There was a great big old house in Ashville the looked like it could have been a plantation or stately manor.  It had a huge porch all the way around the house .  The owners had turned it into a restaurant and the porch now had picnic tables set for visitors.  We went there the first time with our 2-year old daughter and were seated at one of the picnic table overlooking pine trees.  There were no menus but the table was already set with plates and dinnerware.  Shortly a woman came to our table and said “Today we’re having chicken and pork.  Would you care to stay for dinner?”  Not sure what that meant, having expected a menu so everyone could order their choice, we wanted to find out what this Southern option was so agreed and soon large bowls of roasted chicken, pork, boiled potatoes, and black-eyed peas were brought to our table – Southern cooking, family style.  I’d never had black-eyed peas before.

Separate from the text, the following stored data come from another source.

text \<open>The derivative of an inverse is the inverse of the derivative, so it inherits
  positive definiteness (in finite dimension injectivity gives surjectivity).\<close>

lemma pos_def_derivative_of_inverse:
  fixes g h :: "'a::euclidean_space \<Rightarrow> 'a"
  assumes U: "open U" "x \<in> U" and inv: "\<And>y. y \<in> U \<Longrightarrow> h (g y) = y"
    and g_der: "(g has_derivative G) (at x)" and h_der: "(h has_derivative H) (at (g x))"
    and G_pd: "\<And>v. v \<noteq> 0 \<Longrightarrow> 0 < inner v (G v)"
    and "v \<noteq> 0"
  shows "0 < inner (H v) v"
proof -
  have "((h \<circ> g) has_derivative (H \<circ> G)) (at x)"
    using diff_chain_at[OF g_der h_der] .
  moreover have "((h \<circ> g) has_derivative id) (at x)"
    by (rule has_derivative_transform_within_open[OF has_derivative_id U]) (simp add: inv)
  ultimately have HG: "H \<circ> G = id" by (rule has_derivative_unique)
  have lin: "linear G" using g_der has_derivative_linear by blast
  have "inj G" by (metis HG comp_apply id_apply injI)
  then obtain u where u: "v = G u"
    using lin linear_injective_imp_surjective by (metis surjD)
  have "u \<noteq> 0" using u \<open>v \<noteq> 0\<close> lin linear_0 by blast
  moreover have "H v = u" using fun_cong[OF HG, of u] u by simp
  ultimately show ?thesis using G_pd u by (simp add: inner_commute)
qed

lemma has_derivative_legendre_conjugate:
  fixes A :: "'a::real_inner \<Rightarrow> real"
  assumes A_der: "(A has_derivative (\<lambda>h. inner h k)) (at (g k))"
    and g_der: "(g has_derivative G) (at k)"
  shows "((\<lambda>k. inner (g k) k - A (g k)) has_derivative (\<lambda>h. inner (g k) h)) (at k)"
proof -
  have "((\<lambda>k. inner (g k) k) has_derivative (\<lambda>h. inner (g k) h + inner (G h) k)) (at k)"
    using has_derivative_inner[OF g_der has_derivative_ident] by simp
  moreover have "((\<lambda>k. A (g k)) has_derivative (\<lambda>h. inner (G h) k)) (at k)"
    using diff_chain_at[OF g_der A_der] by (simp add: o_def)
  ultimately show ?thesis
    by (rule has_derivative_eq_rhs[OF has_derivative_diff]) simp
qed

definition tilted_mean :: "real \<Rightarrow> 'a::real_vector \<Rightarrow> 'a \<Rightarrow> real \<Rightarrow> 'a" where
  "tilted_mean c \<kappa> \<kappa>' l = (1 / (l + (1 - l) * c)) *\<^sub>R (l *\<^sub>R \<kappa> + ((1 - l) * c) *\<^sub>R \<kappa>')"

lemma tilted_mean_scaled:
  "l + (1 - l) * c \<noteq> 0 \<Longrightarrow>
    (l + (1 - l) * c) *\<^sub>R tilted_mean c \<kappa> \<kappa>' l = l *\<^sub>R \<kappa> + ((1 - l) * c) *\<^sub>R \<kappa>'"
  by (simp add: tilted_mean_def)

lemma has_vector_derivative_tilted_mean:
  assumes w: "l + (1 - l) * c \<noteq> 0"
  shows "(tilted_mean c \<kappa> \<kappa>' has_vector_derivative
           (c / (l + (1 - l) * c)\<^sup>2) *\<^sub>R (\<kappa> - \<kappa>')) (at l)"
proof -
  have eq: "tilted_mean c \<kappa> \<kappa>' =
      (\<lambda>l. (l / (l + (1 - l) * c)) *\<^sub>R \<kappa> + ((1 - l) * c / (l + (1 - l) * c)) *\<^sub>R \<kappa>')"
    by (rule ext) (simp add: tilted_mean_def scaleR_add_right)
  have a: "((\<lambda>l. l / (l + (1 - l) * c)) has_real_derivative c / (l + (1 - l) * c)\<^sup>2) (at l)"
    using w by (auto intro!: derivative_eq_intros simp: field_simps power2_eq_square)
  have b: "((\<lambda>l. (1 - l) * c / (l + (1 - l) * c)) has_real_derivative
      - c / (l + (1 - l) * c)\<^sup>2) (at l)"
    using w by (auto intro!: derivative_eq_intros simp: field_simps power2_eq_square)
  have "((\<lambda>l. (l / (l + (1 - l) * c)) *\<^sub>R \<kappa> + ((1 - l) * c / (l + (1 - l) * c)) *\<^sub>R \<kappa>')
      has_vector_derivative (c / (l + (1 - l) * c)\<^sup>2) *\<^sub>R \<kappa> + (- c / (l + (1 - l) * c)\<^sup>2) *\<^sub>R \<kappa>') (at l)"
    using has_vector_derivative_add[OF has_vector_derivative_scaleR[OF a has_vector_derivative_const]
        has_vector_derivative_scaleR[OF b has_vector_derivative_const]] by simp
  thus ?thesis
    unfolding eq by (simp add: scaleR_diff_right)
qed

lemma KLdiv_weighted_sum:
  assumes "(l + m) *\<^sub>R k = l *\<^sub>R gradA \<theta> + m *\<^sub>R gradA \<theta>'"
  shows "l * KLdiv A gradA \<theta> \<eta> + m * KLdiv A gradA \<theta>' \<eta> =
    l * (inner \<theta> (gradA \<theta>) - A \<theta>) + m * (inner \<theta>' (gradA \<theta>') - A \<theta>')
      - (l + m) * (inner \<eta> k - A \<eta>)"
proof -
  have "(l + m) * inner \<eta> k = l * inner \<eta> (gradA \<theta>) + m * inner \<eta> (gradA \<theta>')"
    using arg_cong[OF assms, of "inner \<eta>"] by (simp add: inner_add_right)
  thus ?thesis
    unfolding KLdiv_def by (simp add: inner_diff_left inner_commute algebra_simps)
qed

lemma has_real_derivative_conjugate_tilted_mean:
  fixes A :: "'a::real_inner \<Rightarrow> real" and c :: real and \<kappa> \<kappa>' :: 'a
  defines "k \<equiv> tilted_mean c \<kappa> \<kappa>'"
  assumes w: "l + (1 - l) * c \<noteq> 0"
    and A_der: "(A has_derivative (\<lambda>h. inner h (k l))) (at (g (k l)))"
    and g_der: "(g has_derivative G) (at (k l))"
  shows "((\<lambda>l. inner (g (k l)) (k l) - A (g (k l))) has_real_derivative
           c / (l + (1 - l) * c)\<^sup>2 * inner (g (k l)) (\<kappa> - \<kappa>')) (at l)"
proof -
  have "(k has_derivative (\<lambda>t. t *\<^sub>R ((c / (l + (1 - l) * c)\<^sup>2) *\<^sub>R (\<kappa> - \<kappa>')))) (at l)"
    using has_vector_derivative_tilted_mean[OF w] unfolding k_def has_vector_derivative_def .
  from diff_chain_at[OF this has_derivative_legendre_conjugate[OF A_der g_der]]
  show ?thesis unfolding has_field_derivative_def o_def
    by (rule has_derivative_eq_rhs) (simp add: fun_eq_iff)
qed

lemma has_real_derivative_inner_tilted_mean:
  fixes c :: real and \<kappa> \<kappa>' :: "'a::real_inner"
  defines "k \<equiv> tilted_mean c \<kappa> \<kappa>'"
  assumes w: "l + (1 - l) * c \<noteq> 0"
    and g_der: "(g has_derivative G) (at (k l))"
  shows "((\<lambda>l. inner (g (k l)) v) has_real_derivative
           c / (l + (1 - l) * c)\<^sup>2 * inner (G (\<kappa> - \<kappa>')) v) (at l)"
proof -
  have "(k has_derivative (\<lambda>t. t *\<^sub>R ((c / (l + (1 - l) * c)\<^sup>2) *\<^sub>R (\<kappa> - \<kappa>')))) (at l)"
    using has_vector_derivative_tilted_mean[OF w] unfolding k_def has_vector_derivative_def .
  from bounded_linear.has_derivative[OF bounded_linear_inner_left diff_chain_at[OF this g_der]]
  show ?thesis unfolding has_field_derivative_def o_def
    by (rule has_derivative_eq_rhs)
       (simp add: fun_eq_iff linear_cmul[OF has_derivative_linear[OF g_der]])
qed

definition reduced_objective ::
    "('a::real_inner \<Rightarrow> real) \<Rightarrow> ('a \<Rightarrow> 'a) \<Rightarrow> ('a \<Rightarrow> 'a) \<Rightarrow> real \<Rightarrow> 'a \<Rightarrow> 'a \<Rightarrow> real \<Rightarrow> real" where
  "reduced_objective A gradA gradF c \<theta> \<theta>' l =
     l * KLdiv A gradA \<theta> (gradF (tilted_mean c (gradA \<theta>) (gradA \<theta>') l))
     + (1 - l) * c * KLdiv A gradA \<theta>' (gradF (tilted_mean c (gradA \<theta>) (gradA \<theta>') l))"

Years later I attended a software management lecture by a man from Tennessee who, with his very Southern accent, talked about the “fuzzy P’s”.  I initially thought he was referring to those black-eyed peas from the South.  But no.  He was referring to the 3 P’s that drive a software project:  People, Plan, and Product.  “People” are the number of heads you can put on the project.  And while you can’t gather 9 women and produce a baby in a month, there are some impacts that can be made if the right resources are allocated to the right schedules.  “Plan” is the schedule – moving the schedule in or out is an obvious choice and one of the ways a manager can effect the end result.  And “Product” refers to how much product (how many changes, bug fixes, enhancements) is included in that release or that service delivery to the customer.  Remove some features, save some time. 

The three “P”s can be adjusted to affect the end result.   But that’s it.  Those are the only viable axes in the three-dimensional world of software that can be controlled and still produce a good, product.  If axis one doesn’t get shortened, the others will not be impacted.  If a software schedule can’t be met, then either more people are needed or less changes / enhancements/ fixes can get into the delivery. 

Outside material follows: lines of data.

(* Let $n\ge1$ and let $\Omega\subset\mathbb{C}^n$ be a convex domain that is Kobayashi hyperbolic. Then $\Omega$ is holomorphic homogeneous regular, i.e. $\hat\sigma_\Omega=\inf_{p\in\Omega}\sigma_\Omega(p)>0$.
   Context: For $q\in\mathbb{C}^n$ and $r>0$ let $\mathbb{B}^n(q;r)=\{z\in\mathbb{C}^n:\|z-q\|<r\}$ (Euclidean norm) and $\mathbb{B}^n=\mathbb{B}^n(0;1)$. For a complex manifold $\Omega$ of dimension $n$ and $p\in\Omega$, let $\mathcal{F}(p,\Omega)$ be the set of injective holomorphic maps $f:\Omega\to\mathbb{B}^n$ with $f(p)=0$. The squeezing function is $\sigma_\Omega(p)=\sup\{r>0:\ \mathbb{B}^n(0;r)\subset f(\Omega)\text{ for some }f\in\mathcal{F}(p,\Omega)\}$, and the squeezing constant is $\hat\sigma_\Omega=\inf_{p\in\Omega}\sigma_\Omega(p)$. $\Omega$ is called holomorphic homogeneous regular (HHR), equivalently uniformly squeezing, if $\hat\sigma_\Omega>0$. *)

theory Defs
  imports "HOL-Analysis.Analysis"
begin

definition complex_linear_vec :: "(complex^'m \<Rightarrow> complex^'n) \<Rightarrow> bool" where
  "complex_linear_vec L \<longleftrightarrow> (\<forall>c v. L (c *s v) = c *s L v)"

definition holo_map :: "(complex^'m \<Rightarrow> complex^'n) \<Rightarrow> (complex^'m) set \<Rightarrow> bool" where
  "holo_map f U \<longleftrightarrow> (\<forall>x\<in>U. \<exists>L. (f has_derivative L) (at x) \<and> complex_linear_vec L)"

definition holo_disc :: "(complex \<Rightarrow> complex^'n) \<Rightarrow> (complex^'n) set \<Rightarrow> bool" where
  "holo_disc g \<Omega> \<longleftrightarrow> (\<forall>i. (\<lambda>z. g z $ i) holomorphic_on ball 0 1) \<and> g ` ball 0 1 \<subseteq> \<Omega>"

definition poincare_dist :: "complex \<Rightarrow> complex \<Rightarrow> real" where
  "poincare_dist a b = artanh (cmod ((a - b) / (1 - cnj a * b)))"

definition kobayashi_chain ::
  "(complex^'n) set \<Rightarrow> complex^'n \<Rightarrow> complex^'n \<Rightarrow> ((complex \<Rightarrow> complex^'n) \<times> complex \<times> complex) list \<Rightarrow> bool" where
  "kobayashi_chain \<Omega> p q cs \<longleftrightarrow> cs \<noteq> [] \<and>
     (\<forall>(g,a,b)\<in>set cs. holo_disc g \<Omega> \<and> a \<in> ball 0 1 \<and> b \<in> ball 0 1) \<and>
     (case hd cs of (g,a,b) \<Rightarrow> g a = p) \<and>
     (case last cs of (g,a,b) \<Rightarrow> g b = q) \<and>
     (\<forall>j. Suc j < length cs \<longrightarrow>
        (case cs ! j of (g,a,b) \<Rightarrow> g b) = (case cs ! Suc j of (g,a,b) \<Rightarrow> g a))"

definition kobayashi_pdist :: "(complex^'n) set \<Rightarrow> complex^'n \<Rightarrow> complex^'n \<Rightarrow> real" where
  "kobayashi_pdist \<Omega> p q =
     Inf {(\<Sum>(g,a,b)\<leftarrow>cs. poincare_dist a b) | cs. kobayashi_chain \<Omega> p q cs}"

definition kobayashi_hyperbolic :: "(complex^'n) set \<Rightarrow> bool" where
  "kobayashi_hyperbolic \<Omega> \<longleftrightarrow> (\<forall>p\<in>\<Omega>. \<forall>q\<in>\<Omega>. p \<noteq> q \<longrightarrow> kobayashi_pdist \<Omega> p q > 0)"

definition domain :: "(complex^'n) set \<Rightarrow> bool" where
  "domain \<Omega> \<longleftrightarrow> open \<Omega> \<and> connected \<Omega> \<and> \<Omega> \<noteq> {}"

definition squeeze_maps :: "complex^'n \<Rightarrow> (complex^'n) set \<Rightarrow> (complex^'n \<Rightarrow> complex^'n) set" where
  "squeeze_maps p \<Omega> = {f. holo_map f \<Omega> \<and> inj_on f \<Omega> \<and> f ` \<Omega> \<subseteq> ball 0 1 \<and> f p = 0}"

definition squeezing_function :: "(complex^'n) set \<Rightarrow> complex^'n \<Rightarrow> real" where
  "squeezing_function \<Omega> p = Sup {r. r > 0 \<and> (\<exists>f\<in>squeeze_maps p \<Omega>. ball 0 r \<subseteq> f ` \<Omega>)}"

definition squeezing_constant :: "(complex^'n) set \<Rightarrow> real" where
  "squeezing_constant \<Omega> = Inf (squeezing_function \<Omega> ` \<Omega>)"

definition HHR :: "(complex^'n) set \<Rightarrow> bool" where
  "HHR \<Omega> \<longleftrightarrow> squeezing_constant \<Omega> > 0"

end

theory Submission
  imports Defs
begin

text \<open>A convex Kobayashi hyperbolic domain contains no complex line. Hence from any \<open>p \<in> \<Omega>\<close> one
  can choose directions \<open>v\<^sub>1, \<dots>, v\<^sub>n\<close> one after another, each annihilated by the complex
  linear forms \<open>c\<^sub>1, \<dots>, c\<^sub>j\<^sub>-\<^sub>1\<close> already chosen, such that the disc \<open>p + \<bbbD> v\<^sub>j\<close> lies in \<open>\<Omega>\<close> but
  \<open>p + v\<^sub>j\<close> does not; a supporting hyperplane at \<open>p + v\<^sub>j\<close> yields \<open>c\<^sub>j\<close> with \<open>c\<^sub>j(v\<^sub>j) = 1\<close> and
  \<open>Re c\<^sub>j(z - p) < 1\<close> on \<open>\<Omega>\<close>. The matrix \<open>(c\<^sub>j(v\<^sub>k))\<close> is unit triangular with entries of modulus
  at most 1, so by convexity \<open>z \<mapsto> (c\<^sub>j(z - p))\<^sub>j\<close> maps \<open>\<Omega>\<close> injectively into a product of half
  planes and onto a set containing a polydisc whose radius depends only on \<open>n\<close>. A Cayley
  transform of each half plane onto the disc, followed by rescaling, gives an element of
  \<open>\<F>(p, \<Omega>)\<close> whose image contains a ball of radius depending only on \<open>n\<close>.\<close>

definition lin_form :: "complex^'n \<Rightarrow> complex^'n \<Rightarrow> complex" where
  "lin_form c x = (\<Sum>i\<in>UNIV. c$i * x$i)"

lemma lin_form_add: "lin_form c (x + y) = lin_form c x + lin_form c y"
  by (simp add: lin_form_def distrib_left sum.distrib)

lemma lin_form_diff: "lin_form c (x - y) = lin_form c x - lin_form c y"
  by (simp add: lin_form_def right_diff_distrib sum_subtractf)

lemma lin_form_smult: "lin_form c (a *s x) = a * lin_form c x"
  by (simp add: lin_form_def sum_distrib_left algebra_simps)

lemma lin_form_0_right [simp]: "lin_form c 0 = 0"
  by (simp add: lin_form_def)

lemma lin_form_smult_left: "lin_form (a *s c) x = a * lin_form c x"
  by (simp add: lin_form_def sum_distrib_left algebra_simps)

lemma lin_form_sum: "lin_form c (sum f A) = (\<Sum>j\<in>A. lin_form c (f j))"
  by (simp add: lin_form_def sum_distrib_left sum.swap[of _ A])

lemma Re_lin_form_cnj: "Re (lin_form (\<chi> i. cnj (a$i)) x) = inner a x"
  by (simp add: lin_form_def inner_vec_def inner_complex_def)

lemma bounded_linear_lin_form: "bounded_linear (lin_form c)"
  unfolding lin_form_def
  by (intro bounded_linear_sum bounded_linear_compose[OF bounded_linear_mult_right bounded_linear_vec_nth])

lemma norm_smult_vec: "norm (l *s (x::complex^'n)) = cmod l * norm x"
  unfolding norm_vec_def by (simp add: norm_mult L2_set_right_distrib)

lemma scaleR_smult: "r *\<^sub>R (a *s x) = (complex_of_real r * a) *s (x::complex^'n)"
  unfolding vec_eq_iff vector_scaleR_component vector_smult_component by (simp add: scaleR_conv_of_real)

lemma vec_linearI:
  fixes T :: "complex^'n \<Rightarrow> complex^'m"
  assumes "\<And>x y. T (x + y) = T x + T y" "\<And>a x. T (a *s x) = a *s T x"
  shows "Vector_Spaces.linear (*s) (*s) T"
  unfolding Vector_Spaces.linear_iff by (simp add: assms vec.vector_space_axioms)

lemma obtain_enumeration:
  obtains e :: "nat \<Rightarrow> 'n::finite" and g
  where "\<And>i. g i < CARD('n)" "\<And>i. e (g i) = i" "\<And>j. j < CARD('n) \<Longrightarrow> g (e j) = j"
proof -
  obtain e :: "nat \<Rightarrow> 'n" where e: "bij_betw e {..<CARD('n)} UNIV"
    using ex_bij_betw_nat_finite[of "UNIV::'n set"] by (auto simp: lessThan_atLeast0)
  show thesis
  proof (rule that[of "inv_into {..<CARD('n)} e" e])
    show "inv_into {..<CARD('n)} e i < CARD('n)" "e (inv_into {..<CARD('n)} e i) = i" for i
      using e inv_into_into[of i e "{..<CARD('n)}"] f_inv_into_f[of i e "{..<CARD('n)}"]
      unfolding bij_betw_def by auto
    show "inv_into {..<CARD('n)} e (e j) = j" if "j < CARD('n)" for j
      using e that unfolding bij_betw_def by simp
  qed
qed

Usually CEOs want it all – they want the product with all the specified features in the timeframe they want it using only the resources that fit their budget.  But if the three axes don’t align, something’s got to give.  And it’s the software manager’s job to juggle the axes – more people here, less product there.  But CEOs push back and too often software managers try to appease them and agree to accept the dictated schedule with the resources allocated and all the specified product features. 

And there’s only one result – the hit is on quality.   When there aren’t enough resources to do the job right, quality suffers.  It isn’t always apparent to the CEO.  Perhaps the team even thinks they are doing a good job by delivering the product and making the milestones.  There’s a big party to celebrate the release, and everyone is congratulated.  But it’s the customers that will be impacted when they encounter the bugs that ultimately will result. 

And ultimately this approach will affect the bottom line.  It’s another well-known software rule that bugs found by a customer are 1000 times more costly to fix than bugs found during the design phase.  If a bug found during design (or at that point, an issue or problem) take a few minutes – say it would cost $10 to fix, if it isn’t found in design but rather during coding it will cost a couple of hours or $100 to fix.  If found during the QA cycle it costs $1,000 to fix (develop, re-test).  And the same issue found by the client costs $10,000 to fix.  Measure it.  It’s a fact.  Issues found by clients need to go back to the design, impact code, changes are likely to cause other issues, QA needs to be re-done.  Manuals updated.  Other clients notified.  It’s a very expensive proposition.  Not only that, it affects the customers’ perception of the company and it’s software.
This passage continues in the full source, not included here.